Nationwide, the repercussions of the Brexit decision are still playing out. Parliamentary time is consumed with politicians fighting about the best way to divorce a continent. There is no space to resolve enormous problems with domestic services. Amanda Spielman, over at Ofsted, can say that she’s all in favour of keeping four Ofsted grades, but even if she wasn’t, she’s snookered because current education law has various grades written into it anyway.

Without parliamentary time, it would be virtually impossible to get rid of the Outstanding grade, and politicians aren’t going to give up their precious Brexit time for the sake of getting schooling right for the next generation.

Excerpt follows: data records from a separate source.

(* Consider a Fragile multi-CPR Game with $n\ge1$ players and $m=1$ CPR satisfying the Assumption below, with constraint policies $\vartheta_i$ as defined below. Then the game admits a unique Generalized Nash equilibrium.
   Context: Let $n,m\ge1$ be integers and $[k]=\{1,\dots,k\}$. Let $C_m=\{(x_1,\dots,x_m)\in[0,1]^m:\sum_{j\in[m]}x_j\le1\}$, $\mathcal{C}_n=\prod_{i\in[n]}C_m$ and $\mathcal{C}_{-i}=\prod_{[n]\setminus\{i\}}C_m$. A strategy profile is $\mathbf{x}=(\mathbf{x}_1,\dots,\mathbf{x}_n)\in\mathcal{C}_n$, $\mathbf{x}_i=(x_{i1},\dots,x_{im})$; write $\mathbf{x}=(\mathbf{x}_i,\mathbf{x}_{-i})$. Put $\mathbf{x}_T^{(j)}=\sum_{i\in[n]}x_{ij}$ and $\mathbf{x}_T^{j|i}=\sum_{\ell\ne i}x_{\ell j}$. Each CPR $j$ has a return rate $\mathcal{R}_j(t)>1$ and failure probability $p_j(t)\in[0,1]$; each player $i$ has parameters $a_i,k_i$. Effective rate: $\mathcal{F}_{ij}(t)=(\mathcal{R}_j(t)-1)^{a_i}(1-p_j(t))-k_i p_j(t)$; utility: $\mathcal{V}_i(\mathbf{x}_i;\mathbf{x}_{-i})=\sum_{j}x_{ij}^{a_i}\mathcal{F}_{ij}(\mathbf{x}_T^{(j)})$. Assumption: (1) $p_j(0)=0$, $p_j(t)=1$ for $t\ge1$; (2) $a_i\in(0,1]$, $k_i>0$; (3) each $\mathcal{F}_{ij}$ (continuous on $[0,1]$) has strictly negative first and second derivatives on $(0,1)$. Let $\omega_{ij}\in(0,1)$ be the unique zero of $\mathcal{F}_{ij}$ in $(0,1)$. Active CPRs: $A(\mathbf{x}_{-i})=\{j:\mathbf{x}_T^{j|i}<\omega_{ij}\}$. Constraint policy: $\vartheta_i(\mathbf{x}_{-i})=C_m\cap\big(\prod_{j\in A(\mathbf{x}_{-i})}[0,\omega_{ij}-\mathbf{x}_T^{j|i}]\times\prod_{j\in[m]\setminus A(\mathbf{x}_{-i})}\{0\}\big)$. A Generalized Nash equilibrium (GNE) is $\mathbf{x}^*\in\mathcal{C}_n$ with, for all $i$, $\mathbf{x}^*_i\in\vartheta_i(\mathbf{x}^*_{-i})$ and $\mathcal{V}_i(\mathbf{x}^*_i;\mathbf{x}^*_{-i})\ge\mathcal{V}_i(\mathbf{y};\mathbf{x}^*_{-i})$ for all $\mathbf{y}\in\vartheta_i(\mathbf{x}^*_{-i})$. *)

theory Defs
  imports "HOL-Analysis.Analysis"
begin

text \<open>Players are indexed by {..<n}, CPRs by {..<m}.
  A strategy of a player is a function nat => real (only indices < m matter);
  a strategy profile is a function nat => nat => real (x i j = x_{ij}).
  R j, p j : return rate and failure probability of CPR j; a i, k i : player parameters.\<close>

definition eff_rate :: "(nat \<Rightarrow> real \<Rightarrow> real) \<Rightarrow> (nat \<Rightarrow> real \<Rightarrow> real) \<Rightarrow>
    (nat \<Rightarrow> real) \<Rightarrow> (nat \<Rightarrow> real) \<Rightarrow> nat \<Rightarrow> nat \<Rightarrow> real \<Rightarrow> real" where
  "eff_rate R p a k i j t = (R j t - 1) powr (a i) * (1 - p j t) - k i * p j t"

definition fragile_assumption :: "nat \<Rightarrow> nat \<Rightarrow> (nat \<Rightarrow> real \<Rightarrow> real) \<Rightarrow>
    (nat \<Rightarrow> real \<Rightarrow> real) \<Rightarrow> (nat \<Rightarrow> real) \<Rightarrow> (nat \<Rightarrow> real) \<Rightarrow> bool" where
  "fragile_assumption n m R p a k \<longleftrightarrow>
     (\<forall>j<m. (\<forall>t\<ge>0. R j t > 1 \<and> 0 \<le> p j t \<and> p j t \<le> 1)
            \<and> p j 0 = 0 \<and> (\<forall>t\<ge>1. p j t = 1)) \<and>
     (\<forall>i<n. 0 < a i \<and> a i \<le> 1 \<and> k i > 0) \<and>
     (\<forall>i<n. \<forall>j<m.
        continuous_on {0..1} (eff_rate R p a k i j) \<and>
        (\<exists>F' F''. \<forall>t\<in>{0<..<1}.
            (eff_rate R p a k i j has_real_derivative F' t) (at t) \<and>
            (F' has_real_derivative F'' t) (at t) \<and> F' t < 0 \<and> F'' t < 0))"

definition omega :: "(nat \<Rightarrow> real \<Rightarrow> real) \<Rightarrow> (nat \<Rightarrow> real \<Rightarrow> real) \<Rightarrow>
    (nat \<Rightarrow> real) \<Rightarrow> (nat \<Rightarrow> real) \<Rightarrow> nat \<Rightarrow> nat \<Rightarrow> real" where
  "omega R p a k i j = (THE w. 0 < w \<and> w < 1 \<and> eff_rate R p a k i j w = 0)"
definition support :: "('q \<Rightarrow> 'a \<Rightarrow> 'q) \<Rightarrow> ('q \<Rightarrow> 'q \<Rightarrow> 'q \<Rightarrow> 'q) \<Rightarrow> 'q \<Rightarrow> 'q \<Rightarrow> 'q set" where
  "support \<delta> \<gamma> qbot q = {p. supp_le \<delta> \<gamma> qbot p q}"

definition finitely_supported :: "('q \<Rightarrow> 'a \<Rightarrow> 'q) \<Rightarrow> ('q \<Rightarrow> 'q \<Rightarrow> 'q \<Rightarrow> 'q) \<Rightarrow> 'q \<Rightarrow> bool" where
  "finitely_supported \<delta> \<gamma> qbot = (\<forall>q. finite (support \<delta> \<gamma> qbot q))"

definition sequential_state :: "('q \<Rightarrow> 'a \<Rightarrow> 'q) \<Rightarrow> ('q \<Rightarrow> 'q \<Rightarrow> 'q \<Rightarrow> 'q) \<Rightarrow> 'q \<Rightarrow> 'q \<Rightarrow> bool" where
  "sequential_state \<delta> \<gamma> qbot q =
     (\<forall>r s. \<gamma> q r s \<noteq> qbot \<longrightarrow> supp_lt \<delta> \<gamma> qbot r q \<and> supp_lt \<delta> \<gamma> qbot s q)"

definition recursive_state :: "('q \<Rightarrow> 'a \<Rightarrow> 'q) \<Rightarrow> ('q \<Rightarrow> 'q \<Rightarrow> 'q \<Rightarrow> 'q) \<Rightarrow> 'q set \<Rightarrow> 'q \<Rightarrow> 'q \<Rightarrow> 'q \<Rightarrow> bool" where
  "recursive_state \<delta> \<gamma> F qbot qtop q =
     (q \<in> F \<and> \<not> sequential_state \<delta> \<gamma> qbot q \<and> (\<forall>a. \<delta> q a = qbot) \<and>
      (\<forall>r s. \<gamma> q r s \<noteq> qbot \<longrightarrow> s = q \<and> supp_lt \<delta> \<gamma> qbot r q \<and> \<gamma> q r s = qtop))"

definition well_nested :: "('q \<Rightarrow> 'a \<Rightarrow> 'q) \<Rightarrow> ('q \<Rightarrow> 'q \<Rightarrow> 'q \<Rightarrow> 'q) \<Rightarrow> 'q set \<Rightarrow> 'q \<Rightarrow> 'q \<Rightarrow> bool" where
  "well_nested \<delta> \<gamma> F qbot qtop =
     (\<forall>q. sequential_state \<delta> \<gamma> qbot q \<or> recursive_state \<delta> \<gamma> F qbot qtop q)"

end

theory Submission
  imports Defs
begin

text \<open>From a recursive state q every transition other than to qbot is a parallel one
  \<open>\<gamma> q r q = qtop\<close>, whose right branch again starts in q, and qtop admits only the
  empty pomset. So an accepting run from q peels off one parallel factor accepted from
  some r with \<open>\<gamma> q r q = qtop\<close> and recurses on the rest; conversely such factors can be
  stacked in parallel.\<close>

lemma lp_iso_refl: "lp_iso X X"
  unfolding lp_iso_def by (cases X) (auto intro!: exI[of _ id])

lemma lp_iso_sym:
  assumes "lp_iso X Y"
  shows "lp_iso Y X"
proof -
  obtain C R l C' R' l' where X: "X = (C, R, l)" and Y: "Y = (C', R', l')"
    by (cases X, cases Y) auto
  from assms obtain f where f: "bij_betw f C C'"
    "\<forall>x\<in>C. \<forall>y\<in>C. (x, y) \<in> R \<longleftrightarrow> (f x, f y) \<in> R'" "\<forall>x\<in>C. l' (f x) = l x"
    unfolding lp_iso_def X Y by auto
  define g where "g = the_inv_into C f"
  have g: "bij_betw g C' C"
    unfolding g_def using f(1) by (rule bij_betw_the_inv_into)
  have fg: "f (g y) = y" and gC: "g y \<in> C" if "y \<in> C'" for y
    using that f(1) g unfolding g_def by (auto simp: f_the_inv_into_f_bij_betw bij_betwE)
  show ?thesis
    unfolding lp_iso_def X Y using g f(2,3) fg gC by (auto intro!: exI[of _ g]) metis+
qed

lemma lp_iso_trans:
  assumes "lp_iso X Y" "lp_iso Y Z"
  shows "lp_iso X Z"
proof -
  obtain C R l C' R' l' C'' R'' l'' where
    X: "X = (C, R, l)" and Y: "Y = (C', R', l')" and Z: "Z = (C'', R'', l'')"
    by (cases X, cases Y, cases Z) auto
  from assms(1) obtain f where f: "bij_betw f C C'"
    "\<forall>x\<in>C. \<forall>y\<in>C. (x, y) \<in> R \<longleftrightarrow> (f x, f y) \<in> R'" "\<forall>x\<in>C. l' (f x) = l x"
    unfolding lp_iso_def X Y by auto
  from assms(2) obtain g where g: "bij_betw g C' C''"
    "\<forall>x\<in>C'. \<forall>y\<in>C'. (x, y) \<in> R' \<longleftrightarrow> (g x, g y) \<in> R''" "\<forall>x\<in>C'. l'' (g x) = l' x"
    unfolding lp_iso_def Y Z by auto
  have "f x \<in> C'" if "x \<in> C" for x
    using f(1) that by (meson bij_betwE)
  then show ?thesis
    unfolding lp_iso_def X Z using bij_betw_trans[OF f(1) g(1)] f(2,3) g(2,3)
    by (auto intro!: exI[of _ "g \<circ> f"])
qed

lemma lp_class_eq: "lp_iso X Y \<Longrightarrow> lp_class X = lp_class Y"
  unfolding lp_class_def using lp_iso_sym lp_iso_trans by blast

lemma pom_rep: "is_lposet (pom_rep U) \<and> Rep_pomset U = lp_class (pom_rep U)"
proof -
  have "\<exists>X. is_lposet X \<and> Rep_pomset U = lp_class X"
    using Rep_pomset[of U] by auto
  then show ?thesis
    unfolding pom_rep_def by (rule someI_ex)
qed

lemma pom_of_iso_rep: "lp_iso (pom_rep U) Z \<Longrightarrow> pom_of Z = U"
  unfolding pom_of_def using lp_class_eq pom_rep Rep_pomset_inverse by metis

lemma pom_rep_one: "\<exists>l. pom_rep pom_one = ({}, {}, l)"
proof -
  define E :: "'a lposet" where "E = ({}, {}, \<lambda>_. undefined)"
  have "is_lposet E"
    unfolding E_def by (auto simp: is_lposet_def refl_on_def antisym_def trans_def)
  then have "Rep_pomset (pom_one :: 'a pomset) = lp_class E"
    unfolding pom_one_def pom_of_def E_def[symmetric] by (auto intro!: Abs_pomset_inverse)
  moreover obtain C R l where X: "pom_rep (pom_one :: 'a pomset) = (C, R, l)"
    by (cases "pom_rep (pom_one :: 'a pomset)") auto
  ultimately have "lp_iso E (C, R, l)"
    using pom_rep[of "pom_one :: 'a pomset"] lp_iso_refl unfolding lp_class_def by auto
  then have "C = {}" "R = {}"
    using pom_rep[of "pom_one :: 'a pomset"]
    unfolding X lp_iso_def E_def is_lposet_def by (auto simp: bij_betw_def)
  then show ?thesis
    using X by auto
qed

lemma pom_seq_one_left: "pom_seq pom_one V = V"
proof -
  obtain l where L: "pom_rep (pom_one :: 'a pomset) = ({}, {}, l)"
    using pom_rep_one by blast
  obtain C R l' where Y: "pom_rep V = (C, R, l')"
    by (cases "pom_rep V") auto
  have "lp_iso (pom_rep V) (lp_seq (pom_rep pom_one) (pom_rep V))"
    unfolding L Y lp_seq_def lp_iso_def
    by (auto simp: bij_betw_def inj_on_def intro!: exI[of _ "\<lambda>n. 2*n+1"])
  then show ?thesis
    unfolding pom_seq_def by (rule pom_of_iso_rep)
qed

lemma pom_seq_one_right: "pom_seq U pom_one = U"
proof -
  obtain l where L: "pom_rep (pom_one :: 'a pomset) = ({}, {}, l)"
    using pom_rep_one by blast
  obtain C R l' where Y: "pom_rep U = (C, R, l')"
    by (cases "pom_rep U") auto
  have "lp_iso (pom_rep U) (lp_seq (pom_rep U) (pom_rep pom_one))"
    unfolding L Y lp_seq_def lp_iso_def
    by (auto simp: bij_betw_def inj_on_def intro!: exI[of _ "\<lambda>n. 2*n"])
  then show ?thesis
    unfolding pom_seq_def by (rule pom_of_iso_rep)
qed

lemma par_star_one: "pom_one \<in> par_star L"
  unfolding par_star_def by (auto intro: exI[of _ 0])

lemma par_star_par: "U \<in> L \<Longrightarrow> V \<in> par_star L \<Longrightarrow> pom_par U V \<in> par_star L"
  unfolding par_star_def by (blast intro: par_pow.simps(2)[THEN equalityD2, THEN subsetD])

lemma par_star_least:
  assumes "pom_one \<in> M" and "\<And>U V. U \<in> L \<Longrightarrow> V \<in> M \<Longrightarrow> pom_par U V \<in> M"
  shows "par_star L \<subseteq> M"
proof -
  have "par_pow L n \<subseteq> M" for n
    using assms by (induction n) auto
  then show ?thesis
    unfolding par_star_def by blast
qed

lemma trace_from_bot:
  assumes "is_PA \<delta> \<gamma> F qbot qtop" "trace \<delta> \<gamma> F p U p'" "p = qbot"
  shows "p' = qbot"
  using assms(2,3) assms(1) by induction (auto simp: is_PA_def)

lemma trace_from_top:
  assumes PA: "is_PA \<delta> \<gamma> F qbot qtop" and "trace \<delta> \<gamma> F p U p'" "p = qtop"
  shows "p' = qbot \<or> (p' = qtop \<and> U = pom_one)"
  using assms(2,3)
proof induction
  case (tr_seq p U q'' V q')
  then show ?case
    using trace_from_bot[OF PA] pom_seq_one_left by metis
qed (use PA in \<open>auto simp: is_PA_def\<close>)

lemma trace_from_recursive:
  assumes PA: "is_PA \<delta> \<gamma> F qbot qtop" and rec: "recursive_state \<delta> \<gamma> F qbot qtop q"
    and "trace \<delta> \<gamma> F p U p'" "p = q"
  shows "p' = qbot \<or> (p' = q \<and> U = pom_one) \<or>
         (p' = qtop \<and> U \<in> par_star (\<Union>r\<in>{r. \<gamma> q r q = qtop}. lang \<delta> \<gamma> F r))"
  using assms(3,4)
proof induction
  case (tr_one p)
  then show ?case by simp
next
  case (tr_atom p a)
  then show ?case
    using rec by (simp add: recursive_state_def)
next
  case (tr_seq p U q'' V q')
  consider "q'' = qbot" | "q'' = q" "U = pom_one"
    | "q'' = qtop" "U \<in> par_star (\<Union>r\<in>{r. \<gamma> q r q = qtop}. lang \<delta> \<gamma> F r)"
    using tr_seq.IH(1)[OF tr_seq.prems] by blast
  then show ?case
  proof cases
    case 1
    then show ?thesis
      using trace_from_bot[OF PA tr_seq.hyps(2)] by auto
  next
    case 2
    then show ?thesis
      using tr_seq.IH(2) pom_seq_one_left by auto
  next
    case 3
    then show ?thesis
      using trace_from_top[OF PA tr_seq.hyps(2)] by (auto simp: pom_seq_one_right)
  qed
next
  case (tr_par r U r' s V s' p)
  show ?case
  proof (cases "\<gamma> p r s = qbot")
    case False
    with rec tr_par.prems have s: "s = q" and top: "\<gamma> q r q = qtop"
      by (auto simp: recursive_state_def)
    have "U \<in> (\<Union>r\<in>{r. \<gamma> q r q = qtop}. lang \<delta> \<gamma> F r)"
      using top tr_par.hyps(1,2) unfolding lang_def by auto
    moreover have "V \<in> par_star (\<Union>r\<in>{r. \<gamma> q r q = qtop}. lang \<delta> \<gamma> F r)"
      \<comment> \<open>the run on the right branch accepts, so it does not end in qbot\<close>
      using tr_par.IH(2)[OF s] tr_par.hyps(4) PA par_star_one by (auto simp: is_PA_def)
    ultimately show ?thesis
      using top s tr_par.prems by (simp add: par_star_par)
  qed simp
qed

lemma lang_recursive_subset:
  assumes "is_PA \<delta> \<gamma> F qbot qtop" "recursive_state \<delta> \<gamma> F qbot qtop q"
  shows "lang \<delta> \<gamma> F q \<subseteq> par_star (\<Union>r\<in>{r. \<gamma> q r q = qtop}. lang \<delta> \<gamma> F r)"
  using trace_from_recursive[OF assms _ refl] assms(1) par_star_one
  by (fastforce simp: lang_def is_PA_def)

lemma par_star_subset_lang_recursive:
  assumes PA: "is_PA \<delta> \<gamma> F qbot qtop" and rec: "recursive_state \<delta> \<gamma> F qbot qtop q"
  shows "par_star (\<Union>r\<in>{r. \<gamma> q r q = qtop}. lang \<delta> \<gamma> F r) \<subseteq> lang \<delta> \<gamma> F q"
proof (rule par_star_least)
  show "pom_one \<in> lang \<delta> \<gamma> F q"
    using rec by (auto simp: recursive_state_def lang_def intro: tr_one)
next
  fix U V
  assume "U \<in> (\<Union>r\<in>{r. \<gamma> q r q = qtop}. lang \<delta> \<gamma> F r)" "V \<in> lang \<delta> \<gamma> F q"
  then obtain r r' s' where r: "\<gamma> q r q = qtop" and "r' \<in> F" "trace \<delta> \<gamma> F r U r'"
    and "s' \<in> F" "trace \<delta> \<gamma> F q V s'"
    unfolding lang_def by auto
  then have "trace \<delta> \<gamma> F q (pom_par U V) qtop"
    by (metis tr_par)
  then show "pom_par U V \<in> lang \<delta> \<gamma> F q"
    using PA unfolding lang_def is_PA_def by auto
qed

theorem mainTheorem10:
  fixes \<delta> :: "'q \<Rightarrow> 'a::finite \<Rightarrow> 'q" and \<gamma> :: "'q \<Rightarrow> 'q \<Rightarrow> 'q \<Rightarrow> 'q"
    and F :: "'q set" and qbot qtop q :: 'q
  assumes "is_PA \<delta> \<gamma> F qbot qtop"
    and "finitely_supported \<delta> \<gamma> qbot"
    and "well_nested \<delta> \<gamma> F qbot qtop"
    and "recursive_state \<delta> \<gamma> F qbot qtop q"
  shows "lang \<delta> \<gamma> F q = par_star (\<Union>r\<in>{r. \<gamma> q r q = qtop}. lang \<delta> \<gamma> F r)"
  using lang_recursive_subset[OF assms(1,4)] par_star_subset_lang_recursive[OF assms(1,4)]
  by (rule subset_antisym)

end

Governors are having to sign off on budgets with no way of knowing if the whole thing will be bust by the time everyone comes back in September

The behaviour of politicians is also troubling. It is despairing to watch as a president of the United States says that, no big deal, he meant “would” instead of “wouldn’t” when talking about a delicate international conflict. Oh great.I look forward to Danny in Year 9 explaining how he was really saying “miss is lovely” rather than “fuck off” when he shouted across the playground last week. Trump managed to avoid any consequence, so why should Danny get a detention? Excuse me while I go and scream.

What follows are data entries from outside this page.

(* Let $(W,S)$ be a Coxeter group. Let $(s,t)\in\mathfrak{M}$ and $(u,v)\in\mathfrak{N}$, and let $q\in W$. Assume that $u\in qD_{s,t}q^{-1}$ and $v\in qD_{s,t}q^{-1}$. Then $m_{s,t}=m_{u,v}$.
   Context: $(W,S)$ is a Coxeter group (generators $S$, relations $(st)^{m_{s,t}}=1$ for $m_{s,t}<\infty$, $m_{s,s}=1$, $m_{s,t}=m_{t,s}\ge2$ for $s\neq t$). $\mathfrak{M}=\{(s,t)\in S\times S: s\ne t,\ m_{s,t}<\infty\}$; $\mathfrak{N}=\bigcup_{x\in W}\{(xsx^{-1},xtx^{-1}):(s,t)\in\mathfrak{M}\}$. For elements $u,v$ of $W$, $m_{u,v}$ denotes the order of $uv$; $D_{s,t}$ is the subgroup of $W$ generated by $s$ and $t$. *)

theory Defs
  imports "HOL-Algebra.Algebra" "HOL-Library.Extended_Nat"
begin

definition elem_order :: "('w, 'x) monoid_scheme \<Rightarrow> 'w \<Rightarrow> enat" where
  "elem_order G x =
     (if \<exists>n::nat. n > 0 \<and> x [^]\<^bsub>G\<^esub> n = \<one>\<^bsub>G\<^esub> then enat (group.ord G x) else \<infinity>)"

definition coxeter_matrix :: "'w set \<Rightarrow> ('w \<Rightarrow> 'w \<Rightarrow> enat) \<Rightarrow> bool" where
  "coxeter_matrix S m \<longleftrightarrow>
     (\<forall>s\<in>S. m s s = 1) \<and>
     (\<forall>s\<in>S. \<forall>t\<in>S. m s t = m t s) \<and>
     (\<forall>s\<in>S. \<forall>t\<in>S. s \<noteq> t \<longrightarrow> m s t \<ge> 2)"

definition coxeter_relations_hold ::
    "('h, 'y) monoid_scheme \<Rightarrow> 'w set \<Rightarrow> ('w \<Rightarrow> 'w \<Rightarrow> enat) \<Rightarrow> ('w \<Rightarrow> 'h) \<Rightarrow> bool" where
  "coxeter_relations_hold H S m f \<longleftrightarrow>
     (\<forall>s\<in>S. \<forall>t\<in>S. m s t \<noteq> \<infinity> \<longrightarrow>
        (f s \<otimes>\<^bsub>H\<^esub> f t) [^]\<^bsub>H\<^esub> (the_enat (m s t)) = \<one>\<^bsub>H\<^esub>)"

(* (G, S) is a Coxeter system with Coxeter matrix m, i.e. G has the presentation
   < S | (st)^{m s t} = 1, m s t < \<infinity> >:
   G is a group generated by S \<subseteq> G, the relations hold in G, and G has the universal
   property of the presented group: every assignment of S into a group H satisfying the
   relations extends to a homomorphism G \<rightarrow> H.  (Uniqueness is automatic since S generates G.)
   The universal property is quantified over groups whose carrier has type 'w list; this is
   no restriction since the subgroup of H generated by f ` S has cardinality at most that
   of the words over S, so it embeds (isomorphically) into such a group. *)
definition coxeter_system :: "('w, 'x) monoid_scheme \<Rightarrow> 'w set \<Rightarrow> ('w \<Rightarrow> 'w \<Rightarrow> enat) \<Rightarrow> bool" where
  "coxeter_system G S m \<longleftrightarrow>
     group G \<and> S \<subseteq> carrier G \<and> generate G S = carrier G \<and>
     coxeter_matrix S m \<and>
     coxeter_relations_hold G S m id \<and>
     (\<forall>(H :: 'w list monoid) f. group H \<longrightarrow> f ` S \<subseteq> carrier H \<longrightarrow>
        coxeter_relations_hold H S m f \<longrightarrow>
        (\<exists>h \<in> hom G H. \<forall>s\<in>S. h s = f s))"

definition coxM :: "'w set \<Rightarrow> ('w \<Rightarrow> 'w \<Rightarrow> enat) \<Rightarrow> ('w \<times> 'w) set" where
  "coxM S m = {(s, t). s \<in> S \<and> t \<in> S \<and> s \<noteq> t \<and> m s t < \<infinity>}"

definition coxN :: "('w, 'x) monoid_scheme \<Rightarrow> 'w set \<Rightarrow> ('w \<Rightarrow> 'w \<Rightarrow> enat) \<Rightarrow> ('w \<times> 'w) set" where
  "coxN G S m = (\<Union>x\<in>carrier G. {(x \<otimes>\<^bsub>G\<^esub> s \<otimes>\<^bsub>G\<^esub> inv\<^bsub>G\<^esub> x, x \<otimes>\<^bsub>G\<^esub> t \<otimes>\<^bsub>G\<^esub> inv\<^bsub>G\<^esub> x) | s t. (s, t) \<in> coxM S m})"

definition dihedral_sub :: "('w, 'x) monoid_scheme \<Rightarrow> 'w \<Rightarrow> 'w \<Rightarrow> 'w set" where
  "dihedral_sub G s t = generate G {s, t}"

definition conj_set :: "('w, 'x) monoid_scheme \<Rightarrow> 'w \<Rightarrow> 'w set \<Rightarrow> 'w set" where
  "conj_set G q A = {q \<otimes>\<^bsub>G\<^esub> a \<otimes>\<^bsub>G\<^esub> inv\<^bsub>G\<^esub> q | a. a \<in> A}"

end

theory Submission
  imports Defs Complex_Main
begin

(*
  Write u = x s' x\<inverse> and v = x t' x\<inverse> with (s', t') \<in> coxM S m.  Then u v is conjugate to s' t',
  whose order is exactly m s' t': the lower bound on the order comes from Tits' geometric
  representation, in which s' t' acts on the coordinates s', t' as a rotation through 2\<pi>/m s' t'.
  So it suffices to show m s t = m s' t'.

  Put J = {s, t}, J' = {s', t'} and y = q\<inverse> x, so that conjugation by y maps J' into W_J = D_{s,t}.
  Choose d of minimal length in the double coset W_J y W_J'.  For r \<in> J' the element d r d\<inverse> again
  lies in W_J, minimality gives l(d r) = l(d) + 1 and l(a d) = l(a) + l(d) for a \<in> W_J, and then
  (d r d\<inverse>) d = d r forces l(d r d\<inverse>) = 1, i.e. d r d\<inverse> \<in> J.  Thus d conjugates J' onto J, so s' t'
  is conjugate to s t or to t s, and m s' t' = m s t.

  The length estimates rest on the exchange condition, obtained from Tits' permutation
  representation of W on reflections \<times> {\<plusminus>1}: the parity of the number of occurrences of a
  reflection in the reflection sequence of a word depends only on the product of the word.
*)

definition list_prod :: "('a, 'b) monoid_scheme \<Rightarrow> 'a list \<Rightarrow> 'a" where
  "list_prod G xs = foldr (\<otimes>\<^bsub>G\<^esub>) xs \<one>\<^bsub>G\<^esub>"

Perhaps most galling of all, however, is that education secretary Damian Hinds has allowed teachers to go off on their summer holidays without knowing what pay they will return to in September. The Statutory Teachers’ Review Body is almost 30 years old and is one of the most stable and respected elements in the process by which education sorts out its pay.

For decades, schools were told about teacher pay deals by the February before the following school year. Hinds has had the pay recommendation since May. And yet, even as I write this, we don’t know what the pay rise will be, or how it will be funded. Governors are having to sign off on budgets with no way of knowing if the whole thing will be bust by the time everyone comes back in September.

There is no need for things to be like this. Earlier this week I met pupils in a lunchtime journalism club who had amazing thoughts on the way their school could improve. They were planning their next steps: find out why the school bell was stopped earlier in the year, interview people involved in the decision, look at data on the consequences of the change, and then put forward their own views. An interactive process: listen, understand, reason, evaluate, design afresh.

It’s what all good school leaders do year-in and year-out as they deal with endless policy changes. What leaders don’t do – what leaders can get fired for doing – is ignoring their community, leaving everything to the last minute, and being misleading in the way they explain things.

Schools are hopeful places. But they are also places of high expectations. School leaders hold themselves to enormously high standards. So do the pupils. Next year, it would be nice if the politicians could do the same.